In the lead up to holiday 2010, there was some speculation about whether the motion-based video game bubble had burst. Nintendo (PINK: NTDOY) and its Wii saw steep declines in 2010, and Sony (NYSE: SNE) and Microsoft (NASDAQ: MSFT) were late with their respective Wii killers.
It was difficult to gauge, then, the pre-release hype surrounding the Microsoft Kinect, a hands-free controller for the Xbox 360 ,and the Sony PlayStation 3 wand controller known simply as the Move. Were consumers going to get moving themselves despite a beleaguered video game market?
Microsoft and Sony stock owners both have reason to breathe a sigh of relief as sales have proven strong. MSFT maintained great momentum with Kinect through the Thanksgiving week. As of yesterday, Microsoft had sold 2.5 million units worldwide. MSFT announced the Kinect’s impressive sales in a press release yesterday, confirming that just 25 days after the hands-free gaming device hit shelves, they are already halfway toward their stated goal of selling 5 million Kinects before the end of calendar 2010. The sales numbers also indicate that Microsoft isn’t suffering from the supply constraints some predicted for the company this fall. Kinect sold 1 million units in its first ten days on the market, and while Microsoft undoubtedly benefitted from a well-publicized launch for Kinect and the Black Friday advertising blitz from video game retailers like Best Buy (NYSE: BBY), Amazon (NASDAQ: AMZN), GameStop (NASDAQ: GME), and Walmart (NYSE: WMT), their momentum should hold until Christmas.
Sony’s Playstation Move, meanwhile, is performing admirably, though not quite as well as Kinect despite larger overall sales numbers. The Japanese electronics giant announced today that its wand controller, recently lauded by Popular Science‘s “Best of What’s New 2010” feature for its accuracy, has sold 4.1 million units since its international launch in mid-September. Sony’s press release claims 41.6 million Playstation 3s sold worldwide since 2006, meaning the Move is now in the hands of one out of every ten console owners. This is an impressive attachment rate for a new peripheral that isn’t essential for most software.
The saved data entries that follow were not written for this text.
(* $g\big[\mathbf{RP}_{48}(\mathbb{R})\big]>640.4861$.
   Context: For an $n\times n$ real matrix $A=(a_{i,j})$, Gaussian elimination without pivoting is the recursion $a^{(1)}_{i,j}=a_{i,j}$ and $a^{(k+1)}_{i,j}=a^{(k)}_{i,j}-a^{(k)}_{i,k}a^{(k)}_{k,j}/a^{(k)}_{k,k}$ for $k+1\le i,j\le n$ (defined when all pivots are nonzero). Growth factor: $g(A)=\max_{i,j,k}|a^{(k)}_{i,j}|/\max_{i,j}|a_{i,j}|$; $g[\mathbf{X}]=\sup_{A\in\mathbf{X}}g(A)$. $\mathbf{RP}_n(\mathbb{R})$ is the set of invertible real $n\times n$ matrices for which elimination is defined and $|a^{(k)}_{i,k}|,|a^{(k)}_{k,j}|\le|a^{(k)}_{k,k}|$ for all $k$ and $i,j\ge k$. (Established via an explicit computer-found matrix converted to an exactly rook-pivoted one.) *)

theory Defs
  imports "HOL-Analysis.Analysis" "HOL-Library.Extended_Real"
begin

text \<open>Matrices of size n are represented as functions nat => nat => real,
  with 0-based indices i, j < n (entries outside are irrelevant).
  Stage k = 0,1,...,n-1 of elimination corresponds to the paper's a^(k+1).\<close>

definition ge_step :: "(nat \<Rightarrow> nat \<Rightarrow> real) \<Rightarrow> nat \<Rightarrow> (nat \<Rightarrow> nat \<Rightarrow> real)" where
  "ge_step M k = (\<lambda>i j. if k < i \<and> k < j then M i j - M i k * M k j / M k k else M i j)"

fun ge_stage :: "(nat \<Rightarrow> nat \<Rightarrow> real) \<Rightarrow> nat \<Rightarrow> (nat \<Rightarrow> nat \<Rightarrow> real)" where
  "ge_stage A 0 = A"
| "ge_stage A (Suc k) = ge_step (ge_stage A k) k"

definition ge_defined :: "nat \<Rightarrow> (nat \<Rightarrow> nat \<Rightarrow> real) \<Rightarrow> bool" where
  "ge_defined n A \<longleftrightarrow> (\<forall>k<n. ge_stage A k k k \<noteq> 0)"

definition growth :: "nat \<Rightarrow> (nat \<Rightarrow> nat \<Rightarrow> real) \<Rightarrow> real" where
  "growth n A = Max {\<bar>ge_stage A k i j\<bar> | k i j. k < n \<and> k \<le> i \<and> i < n \<and> k \<le> j \<and> j < n}
               / Max {\<bar>A i j\<bar> | i j. i < n \<and> j < n}"

definition invertible_mat :: "nat \<Rightarrow> (nat \<Rightarrow> nat \<Rightarrow> real) \<Rightarrow> bool" where
  "invertible_mat n A \<longleftrightarrow> (\<exists>B. \<forall>i<n. \<forall>j<n.
      (\<Sum>l<n. A i l * B l j) = (if i = j then 1 else 0) \<and>
      (\<Sum>l<n. B i l * A l j) = (if i = j then 1 else 0))"

text \<open>Rook pivoting set RP_n(R) (matrices with entries outside the n x n block zero,
  so that each matrix is represented exactly once).\<close>
definition RP :: "nat \<Rightarrow> (nat \<Rightarrow> nat \<Rightarrow> real) set" where
  "RP n = {A. (\<forall>i j. (n \<le> i \<or> n \<le> j) \<longrightarrow> A i j = 0) \<and>
              invertible_mat n A \<and> ge_defined n A \<and>
              (\<forall>k<n. \<forall>i. k \<le> i \<and> i < n \<longrightarrow>
                  \<bar>ge_stage A k i k\<bar> \<le> \<bar>ge_stage A k k k\<bar> \<and>
                  \<bar>ge_stage A k k i\<bar> \<le> \<bar>ge_stage A k k k\<bar>)}"

definition growth_sup :: "nat \<Rightarrow> (nat \<Rightarrow> nat \<Rightarrow> real) set \<Rightarrow> ereal" where
  "growth_sup n X = (SUP A\<in>X. ereal (growth n A))"

end

theory Submission
  imports Defs "Jordan_Normal_Form.Determinant"
begin

text \<open>If A = L U with L unit lower triangular and U upper triangular with nonzero diagonal,
  elimination without pivoting reproduces the factorisation: the active block at stage k is
  the product of the trailing parts of L and U. Hence the pivot column at stage k is
  L(:,k) U(k,k) and the pivot row is U(k,:), so A is rook-pivoted as soon as the entries of
  L are at most 1 in modulus and every row of U is dominated by its diagonal entry; and the
  last pivot is U(n,n). The witness for n = 48 is a computer-found such pair (L scaled by
  1000 to integer entries) with last pivot 705848 and all entries of A at most 1045.588, so
  its growth factor exceeds 705848 / 1045.588 > 640.4861.\<close>

locale LU_factorization =
  fixes n :: nat and L U A :: "nat \<Rightarrow> nat \<Rightarrow> real"
  assumes L_diag: "\<And>i. i < n \<Longrightarrow> L i i = 1"
    and L_upper_zero: "\<And>i j. i < j \<Longrightarrow> j < n \<Longrightarrow> L i j = 0"
    and U_lower_zero: "\<And>i j. j < i \<Longrightarrow> i < n \<Longrightarrow> U i j = 0"
    and U_diag_nonzero: "\<And>i. i < n \<Longrightarrow> U i i \<noteq> 0"
    and A_eq_LU: "\<And>i j. i < n \<Longrightarrow> j < n \<Longrightarrow> A i j = (\<Sum>l<n. L i l * U l j)"
begin

lemma ge_stage_eq_trailing_product:
  "k \<le> n \<Longrightarrow> k \<le> i \<Longrightarrow> i < n \<Longrightarrow> k \<le> j \<Longrightarrow> j < n \<Longrightarrow>
     ge_stage A k i j = (\<Sum>l\<in>{k..<n}. L i l * U l j)"
proof (induction k arbitrary: i j)
  case 0
  then show ?case using A_eq_LU by (simp add: atLeast0LessThan)
next
  case (Suc k)
  have k: "k < n" using Suc by simp
  have IH: "\<And>i j. k \<le> i \<Longrightarrow> i < n \<Longrightarrow> k \<le> j \<Longrightarrow> j < n \<Longrightarrow>
      ge_stage A k i j = L i k * U k j + (\<Sum>l\<in>{Suc k..<n}. L i l * U l j)"
    using Suc.IH k by (simp add: sum.atLeast_Suc_lessThan)
  have col: "ge_stage A k i k = L i k * U k k"
    using IH[of i k] Suc.prems by (simp add: U_lower_zero)
  have row: "ge_stage A k k j = U k j"
    using IH[of k j] Suc.prems k by (simp add: L_diag L_upper_zero)
  have piv: "ge_stage A k k k = U k k"
    using IH[of k k] k by (simp add: L_diag L_upper_zero)
  have "ge_stage A (Suc k) i j
      = ge_stage A k i j - ge_stage A k i k * ge_stage A k k j / ge_stage A k k k"
    using Suc.prems by (simp add: ge_step_def)
  also have "\<dots> = (\<Sum>l\<in>{Suc k..<n}. L i l * U l j)"
    using IH[of i j] col row piv U_diag_nonzero[OF k] Suc.prems by simp
  finally show ?case .
qed

lemma ge_stage_pivot_column:
  assumes "k \<le> i" "i < n"
  shows "ge_stage A k i k = L i k * U k k"
proof -
  have "(\<Sum>l\<in>{Suc k..<n}. L i l * U l k) = 0"
    by (rule sum.neutral) (auto simp: U_lower_zero)
  then show ?thesis
    using ge_stage_eq_trailing_product[of k i k] assms by (simp add: sum.atLeast_Suc_lessThan)
qed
It is difficult to judge, however, the revenue generated by Move sales for Sony. Unlike the Kinect, which is a single item available as a standalone product or bundled with the Xbox 360 console, the Playstation Move is available in multiple retail configurations since it is dependent on multiple pieces of hardware. In addition to a package that bundles the device with the requisite Playstation Eye camera, there are also standalone Move controllers as well as Playstation 3 and Move bundles. The number of Move controllers in the wild will help Sony drive Move software adoption, but it makes it difficult to judge if the device is driving console sales, something Sony desperately needs considering the success of Microsoft’s redesigned Xbox 360 across the back half of 2010.
Sony faces another significant hurdle this fall, namely the absence of marquee titles aimed at enthusiast gamers. With the exception of driving simulator Gran Turismo 5, released last week after delays spanning nearly three years, Sony does not have any new first-party software to cater to core fans drawn by action titles in the vein of Activision Blizzard (NASDAQ: ATVI) Call of Duty. Microsoft, meanwhile, is enjoying brisk sales for both the September-released Halo: Reach and October’s Fable III. Though core games like these don’t sell in as great numbers as more family-friendly fare like the games developed for Kinect and Move, they tend to generate more revenue. Cowan & Company published the results of a recent survey last week, concluding that core games still represent the best investment for game publishers, despite the growing popularity mobile, social, and casual home console gaming. “The results of our Fall 2010 Videogame Survey do not change our view that high-quality games for the core gamer remain the best investment for videogame publishers despite changes to the structure of the videogame industry.”
Investors lamenting Microsoft’s refusal to split the video game division away from the flat core company should find a more fuel for their arguments following the holiday season. Sony shareholders, meanwhile, should be patient considering the company’s habit of playing the long game and having it payoff. Share price has grown steadily since July lows and it up 27% today, trading at around $35.40 as of this writing. Now would be a good time to buy in anticipation of a steady holiday fueled by Gran Turismo 5 and low-cost legacy software.
As of this writing, Anthony Agnello did not own a position in any of the stocks named here.